> TASK GOAL
Among the records below, one line contains "ws \<le> 4 *"; copy that line and all that follow it, exactly as written.
---------- AVAILABLE DATA
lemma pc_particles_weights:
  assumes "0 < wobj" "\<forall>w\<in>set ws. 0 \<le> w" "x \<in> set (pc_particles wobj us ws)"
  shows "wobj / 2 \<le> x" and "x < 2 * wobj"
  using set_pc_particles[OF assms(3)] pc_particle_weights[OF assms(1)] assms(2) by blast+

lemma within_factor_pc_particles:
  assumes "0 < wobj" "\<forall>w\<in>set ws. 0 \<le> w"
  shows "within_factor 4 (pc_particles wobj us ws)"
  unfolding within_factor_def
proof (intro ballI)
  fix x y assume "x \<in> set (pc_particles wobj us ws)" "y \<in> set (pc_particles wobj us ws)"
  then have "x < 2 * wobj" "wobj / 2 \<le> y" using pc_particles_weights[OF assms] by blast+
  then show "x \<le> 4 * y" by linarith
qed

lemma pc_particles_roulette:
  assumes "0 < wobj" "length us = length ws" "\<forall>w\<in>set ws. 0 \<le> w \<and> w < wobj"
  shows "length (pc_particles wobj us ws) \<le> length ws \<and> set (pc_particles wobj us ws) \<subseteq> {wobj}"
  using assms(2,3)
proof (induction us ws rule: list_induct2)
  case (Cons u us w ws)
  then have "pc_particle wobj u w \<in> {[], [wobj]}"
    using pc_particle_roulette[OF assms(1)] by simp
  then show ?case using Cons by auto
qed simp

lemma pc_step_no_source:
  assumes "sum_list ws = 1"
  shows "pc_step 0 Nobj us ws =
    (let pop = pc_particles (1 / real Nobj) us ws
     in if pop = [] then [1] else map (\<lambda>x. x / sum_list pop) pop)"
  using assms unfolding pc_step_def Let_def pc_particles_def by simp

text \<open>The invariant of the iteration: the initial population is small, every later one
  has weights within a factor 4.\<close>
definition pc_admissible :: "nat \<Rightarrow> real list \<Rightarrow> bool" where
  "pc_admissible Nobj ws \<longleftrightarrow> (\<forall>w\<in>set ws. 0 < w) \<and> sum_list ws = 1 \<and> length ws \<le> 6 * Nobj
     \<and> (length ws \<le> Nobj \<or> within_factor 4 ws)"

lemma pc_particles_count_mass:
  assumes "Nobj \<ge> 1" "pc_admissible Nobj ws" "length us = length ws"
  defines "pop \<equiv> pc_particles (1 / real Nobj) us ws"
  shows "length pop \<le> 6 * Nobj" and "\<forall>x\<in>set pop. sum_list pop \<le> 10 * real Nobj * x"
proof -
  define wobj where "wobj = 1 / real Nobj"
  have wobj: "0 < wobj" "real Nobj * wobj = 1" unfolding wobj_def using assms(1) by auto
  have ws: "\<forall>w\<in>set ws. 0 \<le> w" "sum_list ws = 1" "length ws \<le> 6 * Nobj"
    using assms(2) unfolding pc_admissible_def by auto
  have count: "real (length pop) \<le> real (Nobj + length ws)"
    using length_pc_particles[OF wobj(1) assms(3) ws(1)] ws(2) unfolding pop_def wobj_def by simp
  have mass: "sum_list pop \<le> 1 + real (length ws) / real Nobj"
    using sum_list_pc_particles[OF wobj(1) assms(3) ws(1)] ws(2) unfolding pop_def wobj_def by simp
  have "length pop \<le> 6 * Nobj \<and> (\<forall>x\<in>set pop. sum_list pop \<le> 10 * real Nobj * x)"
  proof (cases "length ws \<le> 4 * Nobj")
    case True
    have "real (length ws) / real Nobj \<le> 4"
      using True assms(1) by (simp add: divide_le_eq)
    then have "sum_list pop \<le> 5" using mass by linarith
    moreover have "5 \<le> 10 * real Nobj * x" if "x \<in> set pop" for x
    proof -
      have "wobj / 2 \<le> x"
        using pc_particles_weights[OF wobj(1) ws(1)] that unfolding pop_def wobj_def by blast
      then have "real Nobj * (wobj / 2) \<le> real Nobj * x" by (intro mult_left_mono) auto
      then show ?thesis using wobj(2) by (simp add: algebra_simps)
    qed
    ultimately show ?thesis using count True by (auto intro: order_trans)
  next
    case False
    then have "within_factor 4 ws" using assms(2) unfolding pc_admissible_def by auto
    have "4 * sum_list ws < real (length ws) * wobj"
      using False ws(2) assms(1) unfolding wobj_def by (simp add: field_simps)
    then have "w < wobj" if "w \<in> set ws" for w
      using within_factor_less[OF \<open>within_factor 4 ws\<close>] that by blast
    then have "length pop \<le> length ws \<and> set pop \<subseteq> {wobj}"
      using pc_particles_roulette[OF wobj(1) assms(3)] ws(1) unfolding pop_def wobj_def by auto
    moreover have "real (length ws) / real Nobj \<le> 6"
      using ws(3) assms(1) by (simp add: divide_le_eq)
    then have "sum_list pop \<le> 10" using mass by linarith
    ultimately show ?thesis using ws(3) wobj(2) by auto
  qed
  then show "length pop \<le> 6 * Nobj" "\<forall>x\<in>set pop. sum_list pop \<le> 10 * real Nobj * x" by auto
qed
--------------------
> RESPONSE FOR THIS EXERCISE
  proof (cases "length ws \<le> 4 * Nobj")
    case True
    have "real (length ws) / real Nobj \<le> 4"
      using True assms(1) by (simp add: divide_le_eq)
    then have "sum_list pop \<le> 5" using mass by linarith
    moreover have "5 \<le> 10 * real Nobj * x" if "x \<in> set pop" for x
    proof -
      have "wobj / 2 \<le> x"
        using pc_particles_weights[OF wobj(1) ws(1)] that unfolding pop_def wobj_def by blast
      then have "real Nobj * (wobj / 2) \<le> real Nobj * x" by (intro mult_left_mono) auto
      then show ?thesis using wobj(2) by (simp add: algebra_simps)
    qed
    ultimately show ?thesis using count True by (auto intro: order_trans)
  next
    case False
    then have "within_factor 4 ws" using assms(2) unfolding pc_admissible_def by auto
    have "4 * sum_list ws < real (length ws) * wobj"
      using False ws(2) assms(1) unfolding wobj_def by (simp add: field_simps)
    then have "w < wobj" if "w \<in> set ws" for w
      using within_factor_less[OF \<open>within_factor 4 ws\<close>] that by blast
    then have "length pop \<le> length ws \<and> set pop \<subseteq> {wobj}"
      using pc_particles_roulette[OF wobj(1) assms(3)] ws(1) unfolding pop_def wobj_def by auto
    moreover have "real (length ws) / real Nobj \<le> 6"
      using ws(3) assms(1) by (simp add: divide_le_eq)
    then have "sum_list pop \<le> 10" using mass by linarith
    ultimately show ?thesis using ws(3) wobj(2) by auto
  qed
  then show "length pop \<le> 6 * Nobj" "\<forall>x\<in>set pop. sum_list pop \<le> 10 * real Nobj * x" by auto
qed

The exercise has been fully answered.